Brussels Sprouts not only taste yummy but they also have a boast of many many nutrients that have been linked to several healthy benefits.
Nutrients
- Low in calorie, approx 28 calories, 11g of carbs and 4g of protein.
- Good source of plant protein
- High in Fiber – 1/2 a cup contains 2 grams of fiber; Which will keep you fuller longer.
- High in Vitamins and Minerals such as vitamin A, potassium and calcium.
- Rich in Vitamin K
- High in Vitamin C
- ALA Omega-3 Fatty Acids
- Full of Antioxidants that help lower inflammation, iron absorption, tissue repair and immune function. Studies have shown that the high levels of antioxidants in Brussels Sprouts could help protect against:
- Certain types of cancer
- Boost detoxification enzymes
- Can neutralize radicals.
- Increase bone strength along with helping to protect against osteoporosis.
- Studies have shown that the fiber and antioxidants in Brussels Sprouts may help to keep blood sugar levels stable which in turn decreases the risk of diabetes.
Too much, is too much
If you eat too much Brussels Sprouts the high levels of Vitamin K can interfere with some blood thinners. Therefore, anyone who takes anti-coagulants should monitor their consumption.
MOst Hated
Did you know that Brussels Sprouts are still the most hated vegetable in the US. Even though its growing in popularity studies have show that people still pick this amazingly yummy vegetable as their least favorite. It’s definitely not in our eyes.

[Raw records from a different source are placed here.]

lemma arc_move_C_xing:
  assumes D: "simple_diagram D" and o: "b < a" "c < b" "d < c"
    and sub: "{#(enat a, c), (enat b, d)#} \<subseteq># D"
    and D': "D' = D - {#(enat a, c), (enat b, d)#} + {#(enat a, b), (enat c, d)#}"
  shows "xing D' < xing D \<and> (xing D' + 1 \<noteq> xing D \<longrightarrow> (arc_move OO arc_move\<^sup>+\<^sup>+) D D')"
proof -
  define R where "R = D - {#(enat a, c), (enat b, d)#}"
  have DR: "D = add_mset (enat a, c) (add_mset (enat b, d) R)"
    using subset_mset.diff_add[OF sub] by (simp add: R_def)
  have D'R: "D' = add_mset (enat a, b) (add_mset (enat c, d) R)"
    by (simp add: D' R_def)
  have crossing: "crosses (enat a, c) (enat b, d)" "\<not> crosses (enat a, b) (enat c, d)"
    using o by (simp_all add: crosses_def)
  have V: "\<forall>i\<in>{a, b, c, d}. incid {#(enat a, c), (enat b, d)#} i \<noteq> 0"
    by (simp add: incid_def)
  have xing: "xing D' < xing D \<and> (xing D' + 1 \<noteq> xing D \<longrightarrow> (\<exists>e\<in>#R.
      (\<exists>s t. e = (enat s, t) \<and> a < s \<and> c < t \<and> t < b) \<or>
      (\<exists>t. e = (\<infinity>, t) \<and> c < t \<and> t < b) \<or>
      (\<exists>s t. e = (enat s, t) \<and> c < s \<and> s < b \<and> t < d)))"
    unfolding D' R_def
    by (rule xing_replace_pair[OF D sub crossing V]) (rule pair_crossings_move_C[OF o(3,2,1)])
  have "(arc_move OO arc_move\<^sup>+\<^sup>+) D D'" if ne: "xing D' + 1 \<noteq> xing D"
  proof -
    obtain e where "e \<in># R" and e: "(\<exists>s t. e = (enat s, t) \<and> a < s \<and> c < t \<and> t < b) \<or>
        (\<exists>t. e = (\<infinity>, t) \<and> c < t \<and> t < b) \<or>
        (\<exists>s t. e = (enat s, t) \<and> c < s \<and> s < b \<and> t < d)"
      using xing ne by blast
    then obtain R' where R: "R = add_mset e R'"
      by (metis insert_DiffM)
    from e show ?thesis
    proof (elim disjE exE conjE)
      fix s t
      assume "e = (enat s, t)" "a < s" "c < t" "t < b"
      then show ?thesis
        unfolding DR D'R R using arc_move_C_factors_outer_arc[of a s b t c d R'] o by simp
    next
      fix t
      assume "e = (\<infinity>, t)" "c < t" "t < b"
      then show ?thesis
        unfolding DR D'R R using arc_move_C_factors_pole[of b a t c d R'] o by simp
    next
      fix s t
      assume "e = (enat s, t)" "c < s" "s < b" "t < d"
      then show ?thesis
        unfolding DR D'R R using arc_move_C_factors_inner_arc[of b a s c d t R'] o by simp
    qed
  qed
  with xing show ?thesis
    by blast
qed

lemma arc_move_B_xing:
  assumes D: "simple_diagram D" and o: "b < a" "c < b"
    and sub: "{#(enat a, c), (\<infinity>, b)#} \<subseteq># D"
    and D': "D' = D - {#(enat a, c), (\<infinity>, b)#} + {#(enat a, b), (\<infinity>, c)#}"
  shows "xing D' < xing D \<and> (xing D' + 1 \<noteq> xing D \<longrightarrow> (arc_move OO arc_move\<^sup>+\<^sup>+) D D')"
proof -
  define R where "R = D - {#(enat a, c), (\<infinity>, b)#}"
  have DR: "D = add_mset (enat a, c) (add_mset (\<infinity>, b) R)"
    using subset_mset.diff_add[OF sub] by (simp add: R_def)
  have D'R: "D' = add_mset (enat a, b) (add_mset (\<infinity>, c) R)"
    by (simp add: D' R_def)
  have crossing: "crosses (enat a, c) (\<infinity>, b)" "\<not> crosses (enat a, b) (\<infinity>, c)"
    using o by (auto simp: crosses_def)
  have V: "\<forall>i\<in>{a, b, c}. incid {#(enat a, c), (\<infinity>, b)#} i \<noteq> 0"
    by (simp add: incid_def)
  have xing: "xing D' < xing D \<and> (xing D' + 1 \<noteq> xing D \<longrightarrow> (\<exists>e\<in>#R.
      (\<exists>s t. e = (enat s, t) \<and> a < s \<and> c < t \<and> t < b) \<or>
      (\<exists>t. e = (\<infinity>, t) \<and> c < t \<and> t < b)))"
    unfolding D' R_def
    by (rule xing_replace_pair[OF D sub crossing V]) (rule pair_crossings_move_B[OF o(2,1)])
  have "(arc_move OO arc_move\<^sup>+\<^sup>+) D D'" if ne: "xing D' + 1 \<noteq> xing D"
  proof -
    obtain e where "e \<in># R" and e: "(\<exists>s t. e = (enat s, t) \<and> a < s \<and> c < t \<and> t < b) \<or>
        (\<exists>t. e = (\<infinity>, t) \<and> c < t \<and> t < b)"
      using xing ne by blast
    then obtain R' where R: "R = add_mset e R'"
      by (metis insert_DiffM)
    from e show ?thesis
    proof (elim disjE exE conjE)
      fix s t
      assume "e = (enat s, t)" "a < s" "c < t" "t < b"
      then show ?thesis
        unfolding DR D'R R using arc_move_B_factors_arc[of a s b t c R'] o by simp
    next
      fix t
      assume "e = (\<infinity>, t)" "c < t" "t < b"
      then show ?thesis
        unfolding DR D'R R using arc_move_B_factors_pole[of b a t c R'] o by simp
    qed
  qed
  with xing show ?thesis
    by blast
qed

Brussels Sprouts Seasonality
Brussels sprouts are typically grown in California from June-December however, they are generally considered a cool weather crop, popping up in farmers markets in the fall. They can withstand a bit of frost but will yellow and open in warm temperatures.
Cooking
Brussels Sprouts are delicious in a variety of ways from raw in salads, to a quick saute as a side to roasted in the oven which is our favorite.